JOURNAL ARTICLE

Our Timing to Remove Peritoneal Catheter Dialysis After Kidney Transplant

G Peluso, P Incollingo, N Carlomagno, V D'Alessandro, V Tammaro, M Caggiano, M L Sandoval Sotelo, N Rupealta, M Candida, G Mazzoni, S Campanile, G Chiacchio, A Scotti, M L Santangelo
Transplantation Proceedings 2019, 51 (1): 160-163
30655154

BACKGROUND: Patients on peritoneal dialysis treatment represent 15% of the global dialysis population. The major complication of peritoneal dialysis is catheter and peritoneal infection. Peritoneal dialysis patients who receive kidney transplants are at increased risk of infection because of immunosuppressive therapy.

AIM: The purpose of this study is to show our ideal timing to remove peritoneal catheter after kidney transplant, which gives adequate security on renal function recovery and reduction of septic risk.

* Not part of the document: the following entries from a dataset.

(* Let $(E,\langle\cdot,\cdot\rangle,\rho)$ be a Courant vector bundle over $M$ with two pre-Courant algebroid structures $\circ$ and $\tilde\circ$ having Jacobiators $J$ and $\tilde J$. If there is $h\in\Omega^3(M)$ with $e_1\circ e_2-e_1\,\tilde\circ\,e_2=\rho^*\big(h(\rho(e_1),\rho(e_2),\cdot)\big)$ for all $e_1,e_2\in\Gamma(E)$, then $J^\flat-\tilde J^\flat=\rho^*(dh)$, i.e. $J^\flat(e_1,e_2,e_3,e_4)-\tilde J^\flat(e_1,e_2,e_3,e_4)=dh(\rho(e_1),\rho(e_2),\rho(e_3),\rho(e_4))$ for all $e_i\in\Gamma(E)$. In particular the two structures have the same Pontryagin class.
   Context: A Courant vector bundle over a smooth manifold $M$ is a vector bundle $E\to M$ with a fibrewise nondegenerate symmetric bilinear form $\langle\cdot,\cdot\rangle$ and a bundle map $\rho:E\to TM$ such that $\rho\circ\rho^*=0$, where $\rho^*:T^*M\to E^*\cong E$ is the dual of $\rho$ followed by the identification $E^*\cong E$ via $\langle\cdot,\cdot\rangle$. A pre-Courant algebroid structure on it is an $\mathbb R$-bilinear operation $\circ$ on $\Gamma(E)$ such that for all $e_1,e_2,e_3\in\Gamma(E)$: (i) $\rho(e_1\circ e_2)=[\rho(e_1),\rho(e_2)]$; (ii) $\langle e_1\circ e_1,e_2\rangle=\frac12\rho(e_2)\langle e_1,e_1\rangle$; (iii) $\rho(e_1)\langle e_2,e_3\rangle=\langle e_1\circ e_2,e_3\rangle+\langle e_2,e_1\circ e_3\rangle$. The Jacobiator is $J(e_1,e_2,e_3)=e_1\circ(e_2\circ e_3)-(e_1\circ e_2)\circ e_3-e_2\circ(e_1\circ e_3)$, and $J^\flat(e_1,e_2,e_3,e_4)=\langle J(e_1,e_2,e_3),e_4\rangle$. Two such 4-forms $H_1,H_2$ on $E$ are equivalent if $H_1-H_2=\rho^*(dh')$ for some $h'\in\Omega^3(M)$ (where $\rho^*$ of a form on $M$ means its pullback along $\rho$); the Pontryagin class of a pre-Courant algebroid is the equivalence class of $J^\flat$. *)

theory Defs
  imports Complex_Main
begin

text \<open>Algebraic (Lie--Rinehart style) model of a Courant vector bundle over a manifold M.
  Type 'f plays the role of C^\<infinity>(M), type 'v the vector fields on M (with
  C^\<infinity>(M)-module structure smv, Lie bracket br, action act X f = X(f)),
  type 'e the sections of E (with C^\<infinity>(M)-module structure sme).
  Differential k-forms are C^\<infinity>(M)-multilinear alternating maps on vector fields,
  and the exterior derivative is given by the invariant (Koszul) formula.\<close>

definition is_module :: "('f::{comm_ring_1,real_algebra_1} \<Rightarrow> 'a::real_vector \<Rightarrow> 'a) \<Rightarrow> bool" where
  "is_module sm \<longleftrightarrow>
     (\<forall>f g x. sm (f * g) x = sm f (sm g x)) \<and> (\<forall>x. sm 1 x = x) \<and>
     (\<forall>f x y. sm f (x + y) = sm f x + sm f y) \<and>
     (\<forall>f g x. sm (f + g) x = sm f x + sm g x) \<and>
     (\<forall>r x. sm (of_real r) x = r *\<^sub>R x)"

definition real_bilinear :: "('a::real_vector \<Rightarrow> 'b::real_vector \<Rightarrow> 'c::real_vector) \<Rightarrow> bool" where
  "real_bilinear F \<longleftrightarrow> (\<forall>x. linear (F x)) \<and> (\<forall>y. linear (\<lambda>x. F x y))"

definition vector_fields ::
  "('f::{comm_ring_1,real_algebra_1} \<Rightarrow> 'v::real_vector \<Rightarrow> 'v) \<Rightarrow> ('v \<Rightarrow> 'v \<Rightarrow> 'v) \<Rightarrow> ('v \<Rightarrow> 'f \<Rightarrow> 'f) \<Rightarrow> bool" where
  "vector_fields smv br act \<longleftrightarrow>
     is_module smv \<and> real_bilinear br \<and>
     (\<forall>X. br X X = 0) \<and>
     (\<forall>X Y Z. br X (br Y Z) = br (br X Y) Z + br Y (br X Z)) \<and>
     (\<forall>X. linear (act X)) \<and>
     (\<forall>X Y f. act (X + Y) f = act X f + act Y f) \<and>
     (\<forall>f X g. act (smv f X) g = f * act X g) \<and>
     (\<forall>X f g. act X (f * g) = act X f * g + f * act X g) \<and>
     (\<forall>X Y f. act (br X Y) f = act X (act Y f) - act Y (act X f)) \<and>
     (\<forall>X Y f. br X (smv f Y) = smv f (br X Y) + smv (act X f) Y)"

definition form1 :: "('f::{comm_ring_1,real_algebra_1} \<Rightarrow> 'v::real_vector \<Rightarrow> 'v) \<Rightarrow> ('v \<Rightarrow> 'f) \<Rightarrow> bool" where
  "form1 smv \<alpha> \<longleftrightarrow> (\<forall>X Y. \<alpha> (X + Y) = \<alpha> X + \<alpha> Y) \<and> (\<forall>f X. \<alpha> (smv f X) = f * \<alpha> X)"

definition form3 :: "('f::{comm_ring_1,real_algebra_1} \<Rightarrow> 'v::real_vector \<Rightarrow> 'v) \<Rightarrow> ('v \<Rightarrow> 'v \<Rightarrow> 'v \<Rightarrow> 'f) \<Rightarrow> bool" where
  "form3 smv h \<longleftrightarrow>
     (\<forall>Y Z. form1 smv (\<lambda>X. h X Y Z)) \<and> (\<forall>X Z. form1 smv (\<lambda>Y. h X Y Z)) \<and>
     (\<forall>X Y. form1 smv (\<lambda>Z. h X Y Z)) \<and>
     (\<forall>X Y. h X X Y = 0) \<and> (\<forall>X Y. h X Y Y = 0) \<and> (\<forall>X Y. h X Y X = 0)"

definition d3 :: "('v \<Rightarrow> 'v \<Rightarrow> 'v) \<Rightarrow> ('v \<Rightarrow> 'f::{comm_ring_1,real_algebra_1} \<Rightarrow> 'f) \<Rightarrow> ('v \<Rightarrow> 'v \<Rightarrow> 'v \<Rightarrow> 'f)
    \<Rightarrow> 'v \<Rightarrow> 'v \<Rightarrow> 'v \<Rightarrow> 'v \<Rightarrow> 'f" where
  "d3 br act h X0 X1 X2 X3 =
      act X0 (h X1 X2 X3) - act X1 (h X0 X2 X3) + act X2 (h X0 X1 X3) - act X3 (h X0 X1 X2)
    - h (br X0 X1) X2 X3 + h (br X0 X2) X1 X3 - h (br X0 X3) X1 X2
    - h (br X1 X2) X0 X3 + h (br X1 X3) X0 X2 - h (br X2 X3) X0 X1"

text \<open>rho^* of a 1-form, via the identification E^* = E given by the pairing.\<close>
definition rho_star :: "('e \<Rightarrow> 'e \<Rightarrow> 'f) \<Rightarrow> ('e \<Rightarrow> 'v) \<Rightarrow> ('v \<Rightarrow> 'f) \<Rightarrow> 'e" where
  "rho_star ip rho \<alpha> = (THE s. \<forall>e. ip s e = \<alpha> (rho e))"

definition courant_vb ::
  "('f::{comm_ring_1,real_algebra_1} \<Rightarrow> 'v::real_vector \<Rightarrow> 'v) \<Rightarrow> ('v \<Rightarrow> 'v \<Rightarrow> 'v) \<Rightarrow> ('v \<Rightarrow> 'f \<Rightarrow> 'f)
   \<Rightarrow> ('f \<Rightarrow> 'e::real_vector \<Rightarrow> 'e) \<Rightarrow> ('e \<Rightarrow> 'e \<Rightarrow> 'f) \<Rightarrow> ('e \<Rightarrow> 'v) \<Rightarrow> bool" where
  "courant_vb smv br act sme ip rho \<longleftrightarrow>
     vector_fields smv br act \<and> is_module sme \<and>
     (\<forall>x y. ip x y = ip y x) \<and>
     (\<forall>x y z. ip (x + y) z = ip x z + ip y z) \<and>
     (\<forall>f x y. ip (sme f x) y = f * ip x y) \<and>
     (\<forall>x. (\<forall>y. ip x y = 0) \<longrightarrow> x = 0) \<and>
     (\<forall>\<alpha>. form1 sme \<alpha> \<longrightarrow> (\<exists>s. \<forall>y. ip s y = \<alpha> y)) \<and>
     (\<forall>x y. rho (x + y) = rho x + rho y) \<and>
     (\<forall>f x. rho (sme f x) = smv f (rho x)) \<and>
     (\<forall>\<alpha>. form1 smv \<alpha> \<longrightarrow> rho (rho_star ip rho \<alpha>) = 0)"

definition pre_courant ::
  "('v::real_vector \<Rightarrow> 'v \<Rightarrow> 'v) \<Rightarrow> ('v \<Rightarrow> 'f::{comm_ring_1,real_algebra_1} \<Rightarrow> 'f)
   \<Rightarrow> ('e::real_vector \<Rightarrow> 'e \<Rightarrow> 'f) \<Rightarrow> ('e \<Rightarrow> 'v) \<Rightarrow> ('e \<Rightarrow> 'e \<Rightarrow> 'e) \<Rightarrow> bool" where
  "pre_courant br act ip rho circ \<longleftrightarrow>
     real_bilinear circ \<and>
     (\<forall>e1 e2. rho (circ e1 e2) = br (rho e1) (rho e2)) \<and>
     (\<forall>e1 e2. ip (circ e1 e1) e2 = (1/2) *\<^sub>R act (rho e2) (ip e1 e1)) \<and>
     (\<forall>e1 e2 e3. act (rho e1) (ip e2 e3) = ip (circ e1 e2) e3 + ip e2 (circ e1 e3))"

definition jacobiator :: "('e::real_vector \<Rightarrow> 'e \<Rightarrow> 'e) \<Rightarrow> 'e \<Rightarrow> 'e \<Rightarrow> 'e \<Rightarrow> 'e" where
  "jacobiator circ e1 e2 e3 = circ e1 (circ e2 e3) - circ (circ e1 e2) e3 - circ e2 (circ e1 e3)"

definition jflat :: "('e \<Rightarrow> 'e \<Rightarrow> 'f) \<Rightarrow> ('e::real_vector \<Rightarrow> 'e \<Rightarrow> 'e) \<Rightarrow> 'e \<Rightarrow> 'e \<Rightarrow> 'e \<Rightarrow> 'e \<Rightarrow> 'f" where
  "jflat ip circ e1 e2 e3 e4 = ip (jacobiator circ e1 e2 e3) e4"

definition equiv4 ::
  "('f::{comm_ring_1,real_algebra_1} \<Rightarrow> 'v::real_vector \<Rightarrow> 'v) \<Rightarrow> ('v \<Rightarrow> 'v \<Rightarrow> 'v) \<Rightarrow> ('v \<Rightarrow> 'f \<Rightarrow> 'f)
   \<Rightarrow> ('e \<Rightarrow> 'v) \<Rightarrow> ('e \<Rightarrow> 'e \<Rightarrow> 'e \<Rightarrow> 'e \<Rightarrow> 'f) \<Rightarrow> ('e \<Rightarrow> 'e \<Rightarrow> 'e \<Rightarrow> 'e \<Rightarrow> 'f) \<Rightarrow> bool" where
  "equiv4 smv br act rho H1 H2 \<longleftrightarrow>
     (\<exists>h'. form3 smv h' \<and>
        (\<forall>e1 e2 e3 e4. H1 e1 e2 e3 e4 - H2 e1 e2 e3 e4 = d3 br act h' (rho e1) (rho e2) (rho e3) (rho e4)))"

METHOD OF STUDY: We analyzed the outcomes of 65 patients on peritoneal dialysis who underwent kidney transplant between 2000 and 2016.

RESULTS: In 61 cases there was an immediate graft functional recovery. In 4 cases there was a delayed graft function (DGF), and we performed a hemodialysis with temporary placement of a venous catheter. In all patients we removed peritoneal dialysis catheter 30 to 45 days after transplant. There has been 1 case of catheter infection, which was treated with antibiotic therapy.

DISCUSSION: Our average time to remove the peritoneal dialysis catheter was shorter than times in previous studies, between the 30th and 45th postoperative day. In the 4 cases in which there has been a DGF, we performed hemodialysis treatment to avoid, in the immediate postoperative period, direct insults to the peritoneum by local dialysis procedures.

CONCLUSION: Our experience show that the 30th to 45th postoperative day is a good time frame, better yet a good watershed between the safe removal of peritoneal catheter when patients have a stabilized renal function and the possibility of leaving it in situ, to resume peritoneal dialysis in case of persistent DGF.